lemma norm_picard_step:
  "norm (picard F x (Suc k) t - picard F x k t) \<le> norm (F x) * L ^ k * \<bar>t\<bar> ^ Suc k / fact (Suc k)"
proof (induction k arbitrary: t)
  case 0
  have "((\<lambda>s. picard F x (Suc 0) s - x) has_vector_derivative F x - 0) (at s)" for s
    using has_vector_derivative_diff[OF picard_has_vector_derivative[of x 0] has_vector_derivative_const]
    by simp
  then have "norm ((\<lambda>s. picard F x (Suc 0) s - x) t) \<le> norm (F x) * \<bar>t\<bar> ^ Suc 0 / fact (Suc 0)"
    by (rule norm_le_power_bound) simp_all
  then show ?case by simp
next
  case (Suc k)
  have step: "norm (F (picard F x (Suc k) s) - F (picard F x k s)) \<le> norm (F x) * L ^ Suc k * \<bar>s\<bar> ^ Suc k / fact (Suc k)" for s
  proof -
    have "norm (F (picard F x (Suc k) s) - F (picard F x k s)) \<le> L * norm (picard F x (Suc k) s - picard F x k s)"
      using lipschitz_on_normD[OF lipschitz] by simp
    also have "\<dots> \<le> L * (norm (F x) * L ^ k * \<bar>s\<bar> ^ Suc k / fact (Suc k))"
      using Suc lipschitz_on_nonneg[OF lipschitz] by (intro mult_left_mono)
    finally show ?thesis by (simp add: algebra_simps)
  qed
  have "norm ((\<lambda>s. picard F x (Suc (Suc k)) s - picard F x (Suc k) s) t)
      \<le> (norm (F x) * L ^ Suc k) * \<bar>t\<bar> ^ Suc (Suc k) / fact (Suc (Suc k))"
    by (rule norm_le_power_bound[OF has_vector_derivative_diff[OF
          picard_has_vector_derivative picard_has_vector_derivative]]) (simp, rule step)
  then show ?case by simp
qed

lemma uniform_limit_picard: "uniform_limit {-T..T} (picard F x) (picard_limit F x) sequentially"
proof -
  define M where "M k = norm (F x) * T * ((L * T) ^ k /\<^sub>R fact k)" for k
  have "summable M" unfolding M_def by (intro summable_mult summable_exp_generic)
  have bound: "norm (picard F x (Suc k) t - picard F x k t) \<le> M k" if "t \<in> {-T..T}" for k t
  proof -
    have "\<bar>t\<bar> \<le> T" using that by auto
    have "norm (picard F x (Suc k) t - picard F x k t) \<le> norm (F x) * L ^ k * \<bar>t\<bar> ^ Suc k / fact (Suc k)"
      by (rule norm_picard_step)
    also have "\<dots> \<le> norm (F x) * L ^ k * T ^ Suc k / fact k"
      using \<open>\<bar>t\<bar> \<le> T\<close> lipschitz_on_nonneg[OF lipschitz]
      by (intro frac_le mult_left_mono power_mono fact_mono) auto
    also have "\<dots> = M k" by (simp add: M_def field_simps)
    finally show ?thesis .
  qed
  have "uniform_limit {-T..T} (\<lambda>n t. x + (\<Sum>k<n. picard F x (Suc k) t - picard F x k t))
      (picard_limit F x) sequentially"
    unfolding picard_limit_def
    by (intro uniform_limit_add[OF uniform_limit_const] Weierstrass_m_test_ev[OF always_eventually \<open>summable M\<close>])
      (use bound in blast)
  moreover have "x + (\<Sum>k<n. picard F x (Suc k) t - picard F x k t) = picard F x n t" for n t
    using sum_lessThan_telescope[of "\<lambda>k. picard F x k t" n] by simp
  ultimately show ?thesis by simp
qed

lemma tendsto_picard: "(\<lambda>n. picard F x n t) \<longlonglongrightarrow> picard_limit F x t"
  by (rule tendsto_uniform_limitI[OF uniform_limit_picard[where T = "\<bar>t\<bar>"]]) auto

━━━━━━━━━━

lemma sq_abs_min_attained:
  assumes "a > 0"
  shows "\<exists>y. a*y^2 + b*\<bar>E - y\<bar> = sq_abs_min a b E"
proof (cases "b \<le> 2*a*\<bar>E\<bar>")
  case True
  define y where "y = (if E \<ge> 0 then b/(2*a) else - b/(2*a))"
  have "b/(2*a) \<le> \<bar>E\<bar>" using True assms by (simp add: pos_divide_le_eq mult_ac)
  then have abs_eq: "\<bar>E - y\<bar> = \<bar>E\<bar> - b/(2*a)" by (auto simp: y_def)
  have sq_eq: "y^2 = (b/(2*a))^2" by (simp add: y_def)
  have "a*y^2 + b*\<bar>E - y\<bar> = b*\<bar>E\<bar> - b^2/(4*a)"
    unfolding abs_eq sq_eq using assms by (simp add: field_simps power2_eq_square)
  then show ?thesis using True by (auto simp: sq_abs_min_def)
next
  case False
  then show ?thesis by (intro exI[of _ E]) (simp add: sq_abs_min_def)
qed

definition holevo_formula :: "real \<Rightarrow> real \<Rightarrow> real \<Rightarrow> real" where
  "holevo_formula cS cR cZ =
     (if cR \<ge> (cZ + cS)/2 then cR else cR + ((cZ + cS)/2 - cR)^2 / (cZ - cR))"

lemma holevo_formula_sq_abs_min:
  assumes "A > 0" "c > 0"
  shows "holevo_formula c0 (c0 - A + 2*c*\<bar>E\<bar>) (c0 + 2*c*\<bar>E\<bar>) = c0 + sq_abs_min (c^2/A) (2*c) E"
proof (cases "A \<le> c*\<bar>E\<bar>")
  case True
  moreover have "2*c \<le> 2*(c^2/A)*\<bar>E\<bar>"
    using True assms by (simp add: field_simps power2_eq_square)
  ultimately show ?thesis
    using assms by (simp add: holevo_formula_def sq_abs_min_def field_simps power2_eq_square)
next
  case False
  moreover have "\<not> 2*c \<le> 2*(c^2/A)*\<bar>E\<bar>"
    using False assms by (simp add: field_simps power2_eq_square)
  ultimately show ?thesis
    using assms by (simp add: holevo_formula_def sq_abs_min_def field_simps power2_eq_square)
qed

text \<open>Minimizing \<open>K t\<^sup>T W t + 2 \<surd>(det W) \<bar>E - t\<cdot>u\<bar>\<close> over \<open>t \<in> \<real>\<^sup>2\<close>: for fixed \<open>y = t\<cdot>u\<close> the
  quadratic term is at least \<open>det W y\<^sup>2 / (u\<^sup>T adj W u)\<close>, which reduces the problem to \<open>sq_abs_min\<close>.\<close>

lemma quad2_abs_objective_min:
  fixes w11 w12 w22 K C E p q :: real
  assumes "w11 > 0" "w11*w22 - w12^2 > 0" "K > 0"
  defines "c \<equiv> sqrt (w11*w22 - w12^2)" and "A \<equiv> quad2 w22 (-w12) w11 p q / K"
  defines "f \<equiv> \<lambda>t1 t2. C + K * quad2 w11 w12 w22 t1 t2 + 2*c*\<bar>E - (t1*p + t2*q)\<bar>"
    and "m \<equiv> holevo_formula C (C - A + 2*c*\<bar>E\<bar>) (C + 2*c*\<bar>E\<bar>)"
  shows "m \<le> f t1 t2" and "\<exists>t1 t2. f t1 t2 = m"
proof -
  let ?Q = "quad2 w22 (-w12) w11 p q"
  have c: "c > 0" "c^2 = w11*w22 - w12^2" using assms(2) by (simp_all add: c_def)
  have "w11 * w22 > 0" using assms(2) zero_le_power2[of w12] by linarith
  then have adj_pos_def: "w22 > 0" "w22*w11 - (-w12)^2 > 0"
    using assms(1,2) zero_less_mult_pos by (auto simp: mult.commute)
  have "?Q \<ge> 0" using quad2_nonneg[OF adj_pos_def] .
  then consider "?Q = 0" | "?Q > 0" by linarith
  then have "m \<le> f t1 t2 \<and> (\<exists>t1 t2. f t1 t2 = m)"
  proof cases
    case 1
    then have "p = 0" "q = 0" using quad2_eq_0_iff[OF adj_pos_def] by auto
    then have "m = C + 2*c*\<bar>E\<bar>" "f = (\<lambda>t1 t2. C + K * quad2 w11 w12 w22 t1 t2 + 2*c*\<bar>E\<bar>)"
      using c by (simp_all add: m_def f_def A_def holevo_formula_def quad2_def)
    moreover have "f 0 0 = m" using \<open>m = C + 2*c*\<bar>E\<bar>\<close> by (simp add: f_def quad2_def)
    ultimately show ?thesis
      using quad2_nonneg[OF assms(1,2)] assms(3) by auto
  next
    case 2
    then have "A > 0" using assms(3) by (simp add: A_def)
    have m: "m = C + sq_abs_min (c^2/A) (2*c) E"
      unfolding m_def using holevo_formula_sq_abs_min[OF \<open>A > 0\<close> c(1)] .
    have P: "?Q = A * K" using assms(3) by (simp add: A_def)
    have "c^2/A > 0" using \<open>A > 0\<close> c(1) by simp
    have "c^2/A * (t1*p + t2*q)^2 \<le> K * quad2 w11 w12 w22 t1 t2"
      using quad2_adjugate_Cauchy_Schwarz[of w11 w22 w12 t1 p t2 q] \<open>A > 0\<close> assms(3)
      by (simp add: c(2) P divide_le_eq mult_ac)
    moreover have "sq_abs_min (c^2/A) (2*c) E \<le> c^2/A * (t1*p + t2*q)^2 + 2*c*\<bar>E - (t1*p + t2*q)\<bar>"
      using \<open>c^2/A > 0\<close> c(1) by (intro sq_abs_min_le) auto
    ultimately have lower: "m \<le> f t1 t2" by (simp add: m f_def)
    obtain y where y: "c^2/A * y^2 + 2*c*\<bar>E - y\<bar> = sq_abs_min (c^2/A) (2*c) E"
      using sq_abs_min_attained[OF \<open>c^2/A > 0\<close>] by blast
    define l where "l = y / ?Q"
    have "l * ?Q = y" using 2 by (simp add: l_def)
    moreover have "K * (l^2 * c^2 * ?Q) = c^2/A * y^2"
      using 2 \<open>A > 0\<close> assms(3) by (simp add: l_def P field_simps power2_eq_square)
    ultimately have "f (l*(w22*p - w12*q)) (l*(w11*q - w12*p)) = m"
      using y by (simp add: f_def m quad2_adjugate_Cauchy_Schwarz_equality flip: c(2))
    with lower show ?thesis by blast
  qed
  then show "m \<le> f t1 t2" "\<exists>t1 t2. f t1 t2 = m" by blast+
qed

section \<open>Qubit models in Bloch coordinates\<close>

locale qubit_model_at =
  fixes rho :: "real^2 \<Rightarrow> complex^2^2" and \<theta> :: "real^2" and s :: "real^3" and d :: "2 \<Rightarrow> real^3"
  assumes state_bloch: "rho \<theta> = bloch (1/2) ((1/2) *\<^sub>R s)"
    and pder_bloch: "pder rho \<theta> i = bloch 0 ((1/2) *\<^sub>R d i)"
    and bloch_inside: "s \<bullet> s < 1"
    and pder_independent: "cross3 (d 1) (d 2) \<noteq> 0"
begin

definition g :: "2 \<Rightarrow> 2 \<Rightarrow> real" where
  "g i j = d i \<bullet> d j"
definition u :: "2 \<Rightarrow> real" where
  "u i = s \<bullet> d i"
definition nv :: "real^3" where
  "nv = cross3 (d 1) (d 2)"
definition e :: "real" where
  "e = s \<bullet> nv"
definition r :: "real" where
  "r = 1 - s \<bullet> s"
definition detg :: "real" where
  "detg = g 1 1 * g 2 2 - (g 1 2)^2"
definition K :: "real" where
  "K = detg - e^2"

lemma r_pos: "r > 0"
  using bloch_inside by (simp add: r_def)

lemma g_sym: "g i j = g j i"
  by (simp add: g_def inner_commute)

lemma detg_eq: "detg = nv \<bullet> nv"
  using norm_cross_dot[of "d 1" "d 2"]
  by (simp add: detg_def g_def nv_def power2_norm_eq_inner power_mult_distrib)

━━━━━━━━━━

◆ What you should do ◆
Set down, exactly as they stand above, the lines starting with the line with "unfolding picard_limit_def" and going on through the line with "by (rule tendsto_uniform_limitI[OF", and no others.

◆ Output below ◆
    unfolding picard_limit_def
    by (intro uniform_limit_add[OF uniform_limit_const] Weierstrass_m_test_ev[OF always_eventually \<open>summable M\<close>])
      (use bound in blast)
  moreover have "x + (\<Sum>k<n. picard F x (Suc k) t - picard F x k t) = picard F x n t" for n t
    using sum_lessThan_telescope[of "\<lambda>k. picard F x k t" n] by simp
  ultimately show ?thesis by simp
qed

lemma tendsto_picard: "(\<lambda>n. picard F x n t) \<longlonglongrightarrow> picard_limit F x t"
  by (rule tendsto_uniform_limitI[OF uniform_limit_picard[where T = "\<bar>t\<bar>"]]) auto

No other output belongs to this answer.